··· DATA RECORDS

(* Let $m=p_1^{\alpha_1}p_2^{\alpha_2}$, where $p_1,p_2>2$ are distinct primes and $\alpha_1,\alpha_2$ are positive integers. Let $t=\mathrm{ord}_m(2)$ and let $\gamma\in\mathbb{F}_{2^t}^*$ be a primitive $m$th root of unity. Let $E=\{e\in\mathbb{Z}: p_1^{\alpha_1}\nmid e,\ p_2^{\alpha_2}\nmid e\}$. Then $m$ is good if and only if there exist $u,v\in E$ with $u\not\equiv v\pmod m$ and $\det(A)=0$, where $$A=\begin{pmatrix}\gamma^{s_{01}u}&\gamma^{s_{01}v}&1\\ \gamma^{s_{10}u}&\gamma^{s_{10}v}&1\\ \gamma^{u}&\gamma^{v}&1\end{pmatrix}.$$
   Context: $\mathrm{ord}_m(2)$ is the multiplicative order of $2$ modulo $m$. The canonical set of $m$ is $S_m=\{s_{01},s_{10},s_{11}\}\subseteq\mathbb{Z}_m$, where for $\sigma=(\sigma_1,\sigma_2)\in\{0,1\}^2\setminus\{(0,0)\}$, $s_\sigma$ is the unique element of $\mathbb{Z}_m$ with $s_\sigma\equiv\sigma_1 \pmod{p_1^{\alpha_1}}$ and $s_\sigma\equiv \sigma_2\pmod{p_2^{\alpha_2}}$ (so $s_{11}=1$). An $S_m$-decoding polynomial is a polynomial $P(X)\in\mathbb{F}_{2^t}[X]$ such that $P(\gamma^s)=0$ for every $s\in S_m$ and $P(1)=1$. The number $m$ is called good if there exists an $S_m$-decoding polynomial with fewer than $4$ monomials (nonzero terms). *)

theory Defs
  imports "HOL-Analysis.Analysis" "HOL-Computational_Algebra.Polynomial" "HOL-Number_Theory.Number_Theory"
begin

definition canon_elem :: "nat \<Rightarrow> nat \<Rightarrow> nat \<Rightarrow> nat \<Rightarrow> nat \<Rightarrow> nat \<Rightarrow> nat" where
  "canon_elem p1 a1 p2 a2 \<sigma>1 \<sigma>2 =
     (THE s. s < p1^a1 * p2^a2 \<and> [s = \<sigma>1] (mod p1^a1) \<and> [s = \<sigma>2] (mod p2^a2))"

definition canonical_set :: "nat \<Rightarrow> nat \<Rightarrow> nat \<Rightarrow> nat \<Rightarrow> nat set" where
  "canonical_set p1 a1 p2 a2 =
     {canon_elem p1 a1 p2 a2 0 1, canon_elem p1 a1 p2 a2 1 0, canon_elem p1 a1 p2 a2 1 1}"

definition decoding_poly :: "nat set \<Rightarrow> 'a::field \<Rightarrow> 'a poly \<Rightarrow> bool" where
  "decoding_poly S \<gamma> P \<longleftrightarrow> (\<forall>s\<in>S. poly P (\<gamma> ^ s) = 0) \<and> poly P 1 = 1"

definition num_monomials :: "'a::zero poly \<Rightarrow> nat" where
  "num_monomials P = card {i. Polynomial.coeff P i \<noteq> 0}"

definition good :: "nat \<Rightarrow> nat \<Rightarrow> nat \<Rightarrow> nat \<Rightarrow> 'a::field \<Rightarrow> bool" where
  "good p1 a1 p2 a2 \<gamma> \<longleftrightarrow>
     (\<exists>P. decoding_poly (canonical_set p1 a1 p2 a2) \<gamma> P \<and> num_monomials P < 4)"

end

theory Submission
  imports Defs
begin

(*
  By the Chinese remainder theorem gamma = zeta1 * zeta2, where zeta1 = gamma^s10 and
  zeta2 = gamma^s01 are primitive roots of unity of orders p1^a1 and p2^a2, and the column of A
  belonging to u is (zeta2^u, zeta1^u, (zeta1 zeta2)^u). A decoding polynomial a X^i + b X^j + c X^k
  is a coefficient vector of sum 1 annihilating the columns of i, j and k. Dividing by the i-th
  powers puts (b, c, a) into the kernel of A for u = j - i, v = k - i, so det A = 0; the four
  linear relations moreover force the powers of zeta1 at i, j, k to be pairwise distinct, and
  likewise for zeta2, which is the condition on u and v. Conversely, if det A = 0 then under
  that condition a nonzero kernel vector of A cannot have coordinate sum 0, so it scales to the
  coefficients of a decoding polynomial a X^u + b X^v + c.
*)

lemma det_eq_0_iff_nontrivial_kernel:
  fixes A :: "'a::field ^ 'n ^ 'n"
  shows "det A = 0 \<longleftrightarrow> (\<exists>x. x \<noteq> 0 \<and> A *v x = 0)"
  using invertible_det_nz[of A] invertible_left_inverse[of A] matrix_left_invertible_ker[of A]
  by blast

lemma poly_eq_sum_monom_over_superset:
  fixes P :: "'a::comm_monoid_add poly"
  assumes "finite J" "{i. Polynomial.coeff P i \<noteq> 0} \<subseteq> J"
  shows "P = (\<Sum>l\<in>J. Polynomial.monom (Polynomial.coeff P l) l)"
proof (rule poly_eqI)
  fix n
  have "(\<Sum>l\<in>J. Polynomial.coeff (Polynomial.monom (Polynomial.coeff P l) l) n)
      = (if n \<in> J then Polynomial.coeff P n else 0)"
    using assms(1) by (simp add: sum.delta)
  then show "Polynomial.coeff P n =
      Polynomial.coeff (\<Sum>l\<in>J. Polynomial.monom (Polynomial.coeff P l) l) n"
    using assms(2) by (auto simp: coeff_sum)
qed

lemma finite_coeff_support: "finite {i. Polynomial.coeff P i \<noteq> 0}"
  by (rule finite_subset[of _ "{..degree P}"]) (auto intro: le_degree)

lemma num_monomials_less_4_iff:
  fixes P :: "'a::comm_monoid_add poly"
  shows "num_monomials P < 4 \<longleftrightarrow>
    (\<exists>a b c i j k. P = Polynomial.monom a i + Polynomial.monom b j + Polynomial.monom c k)"
proof
  define I where "I = {i. Polynomial.coeff P i \<noteq> 0}"
  assume "num_monomials P < 4"
  then have "card I \<le> 3" unfolding num_monomials_def I_def by simp
  have "finite I" unfolding I_def by (rule finite_coeff_support)
  then obtain B where B: "finite B" "card B = 3 - card I" "B \<subseteq> - I"
    using infinite_arbitrarily_large[of "- I"] by (auto simp: Compl_eq_Diff_UNIV)
  then have "card (I \<union> B) = 3"
    using \<open>finite I\<close> \<open>card I \<le> 3\<close> by (subst card_Un_disjoint) auto
  then obtain i j k where ijk: "I \<union> B = {i, j, k}" "i \<noteq> j" "j \<noteq> k" "i \<noteq> k"
    by (auto simp: card_3_iff)
  have "P = (\<Sum>l\<in>{i, j, k}. Polynomial.monom (Polynomial.coeff P l) l)"
    by (rule poly_eq_sum_monom_over_superset) (use ijk in \<open>auto simp: I_def\<close>)
  also have "\<dots> = Polynomial.monom (Polynomial.coeff P i) i
      + Polynomial.monom (Polynomial.coeff P j) j + Polynomial.monom (Polynomial.coeff P k) k"
    using ijk by (simp add: add.assoc)
  finally show
    "\<exists>a b c i j k. P = Polynomial.monom a i + Polynomial.monom b j + Polynomial.monom c k"
    by blast
next
  assume "\<exists>a b c i j k. P = Polynomial.monom a i + Polynomial.monom b j + Polynomial.monom c k"
  then obtain a b c i j k
    where P: "P = Polynomial.monom a i + Polynomial.monom b j + Polynomial.monom c k"
    by blast
  have "{l. Polynomial.coeff P l \<noteq> 0} \<subseteq> {i, j, k}" unfolding P by auto
  then have "card {l. Polynomial.coeff P l \<noteq> 0} \<le> card {i, j, k}" by (rule card_mono[rotated]) simp
  also have "\<dots> \<le> 3" by (simp add: card_insert_le_m1)
  finally show "num_monomials P < 4" unfolding num_monomials_def by simp
qed

lemma power_int_eq_power_mod:
  fixes \<zeta> :: "'a::field"
  assumes "\<zeta> ^ N = 1" "N > 0"
  shows "\<zeta> powi e = \<zeta> ^ nat (e mod int N)"
proof -
  have "\<zeta> \<noteq> 0" using assms by (auto simp: zero_power)
  have "\<zeta> powi e = \<zeta> powi (int N * (e div int N)) * \<zeta> powi (e mod int N)"
    using \<open>\<zeta> \<noteq> 0\<close> by (simp flip: power_int_add)
  also have "\<zeta> powi (int N * (e div int N)) = 1"
    by (simp add: power_int_mult assms(1))
  also have "\<zeta> powi (e mod int N) = \<zeta> ^ nat (e mod int N)"
    using assms(2) by (simp flip: power_int_of_nat)
  finally show ?thesis by simp
qed

lemma primitive_root_power_int_eq_1_iff:
  fixes \<gamma> :: "'a::field"
  assumes "\<gamma> ^ m = 1" "\<forall>k. 0 < k \<and> k < m \<longrightarrow> \<gamma> ^ k \<noteq> 1" "m > 0"
  shows "\<gamma> powi e = 1 \<longleftrightarrow> int m dvd e"
proof -
  have "\<gamma> ^ nat (e mod int m) = 1 \<longleftrightarrow> e mod int m = 0"
  proof
    assume "\<gamma> ^ nat (e mod int m) = 1"
    then have "\<not> (0 < nat (e mod int m) \<and> nat (e mod int m) < m)" using assms(2) by blast
    moreover have "0 \<le> e mod int m" "e mod int m < int m" using assms(3) by simp_all
    ultimately show "e mod int m = 0" by linarith
  qed simp
  then show ?thesis
    using power_int_eq_power_mod[OF assms(1,3)] by (simp add: dvd_eq_mod_eq_0)
qed

lemma power_int_eq_iff_cong:
  fixes \<zeta> :: "'a::field"
  assumes "\<zeta> \<noteq> 0" "\<And>e. \<zeta> powi e = 1 \<longleftrightarrow> n dvd e"
  shows "\<zeta> powi u = \<zeta> powi v \<longleftrightarrow> [u = v] (mod n)"
proof -
  have "\<zeta> powi u = \<zeta> powi v \<longleftrightarrow> \<zeta> powi (u - v) = 1"
    using assms(1) by (auto simp: power_int_diff)
  also have "\<dots> \<longleftrightarrow> [u = v] (mod n)"
    by (simp add: assms(2) cong_iff_dvd_diff)
  finally show ?thesis .
qed

lemma idempotent_power_int_eq_1_iff:
  fixes \<gamma> :: "'a::field"
  assumes root: "\<And>e. \<gamma> powi e = 1 \<longleftrightarrow> int (q1 * q2) dvd e"
    and s: "[s = 0] (mod q1)" "[s = 1] (mod q2)"
  shows "(\<gamma> ^ s) powi e = 1 \<longleftrightarrow> int q2 dvd e"
proof -
  have "(\<gamma> ^ s) powi e = \<gamma> powi (int s * e)" by (simp add: power_int_mult)
  then have "(\<gamma> ^ s) powi e = 1 \<longleftrightarrow> int q1 * int q2 dvd int s * e" by (simp add: root)
  also have "\<dots> \<longleftrightarrow> int q2 dvd e"
  proof
    assume "int q1 * int q2 dvd int s * e"
    then have "int q2 dvd int s * e" by (rule dvd_mult_right)
    moreover have "int q2 dvd (int s - 1) * e"
      using s(2) by (simp add: cong_iff_dvd_diff flip: cong_int_iff)
    ultimately have "int q2 dvd int s * e - (int s - 1) * e" by (rule dvd_diff)
    then show "int q2 dvd e" by (simp add: algebra_simps)
  next
    assume "int q2 dvd e"
    moreover have "int q1 dvd int s" using s(1) by (simp add: cong_0_iff)
    ultimately show "int q1 * int q2 dvd int s * e" by (simp add: mult_dvd_mono)
  qed
  finally show ?thesis .
qed

lemma cong_mult_modulus_iff:
  fixes m n :: int
  assumes "coprime m n"
  shows "[u = v] (mod m * n) \<longleftrightarrow> [u = v] (mod m) \<and> [u = v] (mod n)"
proof
  assume "[u = v] (mod m * n)"
  then show "[u = v] (mod m) \<and> [u = v] (mod n)"
    by (simp add: cong_modulus_mult cong_modulus_mult[of _ _ n m] mult.commute)
qed (use assms in \<open>blast intro: coprime_cong_mult\<close>)

lemma canon_elem_cong:
  assumes "coprime (p1 ^ a1) (p2 ^ a2)" "p1 > 0" "p2 > 0"
  shows "[canon_elem p1 a1 p2 a2 \<sigma>1 \<sigma>2 = \<sigma>1] (mod p1 ^ a1)"
    and "[canon_elem p1 a1 p2 a2 \<sigma>1 \<sigma>2 = \<sigma>2] (mod p2 ^ a2)"
proof -
  have "\<exists>!s. s < p1 ^ a1 * p2 ^ a2 \<and> [s = \<sigma>1] (mod p1 ^ a1) \<and> [s = \<sigma>2] (mod p2 ^ a2)"
    using assms by (intro binary_chinese_remainder_unique_nat) auto
  from theI'[OF this]
  show "[canon_elem p1 a1 p2 a2 \<sigma>1 \<sigma>2 = \<sigma>1] (mod p1 ^ a1)"
    and "[canon_elem p1 a1 p2 a2 \<sigma>1 \<sigma>2 = \<sigma>2] (mod p2 ^ a2)"
    unfolding canon_elem_def by blast+
qed

lemma canon_elem_1_1:
  assumes "coprime (p1 ^ a1) (p2 ^ a2)" "1 < p1 ^ a1 * p2 ^ a2"
  shows "canon_elem p1 a1 p2 a2 1 1 = 1"
  unfolding canon_elem_def
proof (rule the1_equality)
  have "p1 ^ a1 * p2 ^ a2 \<noteq> 0" using assms(2) by linarith
  then show "\<exists>!s. s < p1 ^ a1 * p2 ^ a2 \<and> [s = 1] (mod p1 ^ a1) \<and> [s = 1] (mod p2 ^ a2)"
    using assms(1) by (intro binary_chinese_remainder_unique_nat) auto
qed (use assms(2) in auto)

lemma primitive_root_crt_split:
  fixes \<gamma> :: "'a::field"
  assumes cop: "coprime (p1 ^ a1) (p2 ^ a2)" and "p1 > 0" "p2 > 0"
    and root: "\<And>e. \<gamma> powi e = 1 \<longleftrightarrow> int (p1 ^ a1 * p2 ^ a2) dvd e"
  defines "\<zeta>1 \<equiv> \<gamma> ^ canon_elem p1 a1 p2 a2 1 0" and "\<zeta>2 \<equiv> \<gamma> ^ canon_elem p1 a1 p2 a2 0 1"
  shows "\<zeta>1 powi e = 1 \<longleftrightarrow> int (p1 ^ a1) dvd e"
    and "\<zeta>2 powi e = 1 \<longleftrightarrow> int (p2 ^ a2) dvd e"
    and "\<zeta>1 * \<zeta>2 = \<gamma>"
    and "[u = v] (mod int (p1 ^ a1 * p2 ^ a2)) \<longleftrightarrow>
      \<zeta>1 powi u = \<zeta>1 powi v \<and> \<zeta>2 powi u = \<zeta>2 powi v"
proof -
  let ?s10 = "canon_elem p1 a1 p2 a2 1 0" and ?s01 = "canon_elem p1 a1 p2 a2 0 1"
  note s10 = canon_elem_cong[OF assms(1-3), of 1 0] and s01 = canon_elem_cong[OF assms(1-3), of 0 1]
  have "p1 ^ a1 * p2 ^ a2 > 0" using assms(2,3) by simp
  then have "\<gamma> \<noteq> 0" using root[of "int (p1 ^ a1 * p2 ^ a2)"] by (auto simp: power_int_0_left_if)
  show \<zeta>1: "\<zeta>1 powi e = 1 \<longleftrightarrow> int (p1 ^ a1) dvd e" for e
    unfolding \<zeta>1_def
    by (rule idempotent_power_int_eq_1_iff) (use root s10 in \<open>simp_all add: ac_simps\<close>)
  show \<zeta>2: "\<zeta>2 powi e = 1 \<longleftrightarrow> int (p2 ^ a2) dvd e" for e
    unfolding \<zeta>2_def by (rule idempotent_power_int_eq_1_iff) (use root s01 in simp_all)
  have "[?s10 + ?s01 = 1] (mod p1 ^ a1 * p2 ^ a2)"
    using s10 s01 cop by (intro coprime_cong_mult_nat) (auto dest: cong_add)
  then have "\<gamma> powi int (?s10 + ?s01) = \<gamma> powi 1"
    using \<open>\<gamma> \<noteq> 0\<close> by (subst power_int_eq_iff_cong[OF _ root]) (auto simp flip: cong_int_iff)
  then show "\<zeta>1 * \<zeta>2 = \<gamma>"
    unfolding power_int_of_nat by (simp add: \<zeta>1_def \<zeta>2_def power_add)
  have "\<zeta>1 \<noteq> 0" "\<zeta>2 \<noteq> 0" using \<open>\<gamma> \<noteq> 0\<close> by (simp_all add: \<zeta>1_def \<zeta>2_def)
  moreover have "coprime (int (p1 ^ a1)) (int (p2 ^ a2))"
    using cop by (simp only: coprime_int_iff)
  ultimately show "[u = v] (mod int (p1 ^ a1 * p2 ^ a2)) \<longleftrightarrow>
      \<zeta>1 powi u = \<zeta>1 powi v \<and> \<zeta>2 powi u = \<zeta>2 powi v"
    by (simp add: cong_mult_modulus_iff
      power_int_eq_iff_cong[OF _ \<zeta>1] power_int_eq_iff_cong[OF _ \<zeta>2])
qed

······

# YOUR GOAL
Given the data above, which lines hold the string "bool"? Return them.

# SOLUTION TO THIS TASK
definition decoding_poly :: "nat set \<Rightarrow> 'a::field \<Rightarrow> 'a poly \<Rightarrow> bool" where
definition good :: "nat \<Rightarrow> nat \<Rightarrow> nat \<Rightarrow> nat \<Rightarrow> 'a::field \<Rightarrow> bool" where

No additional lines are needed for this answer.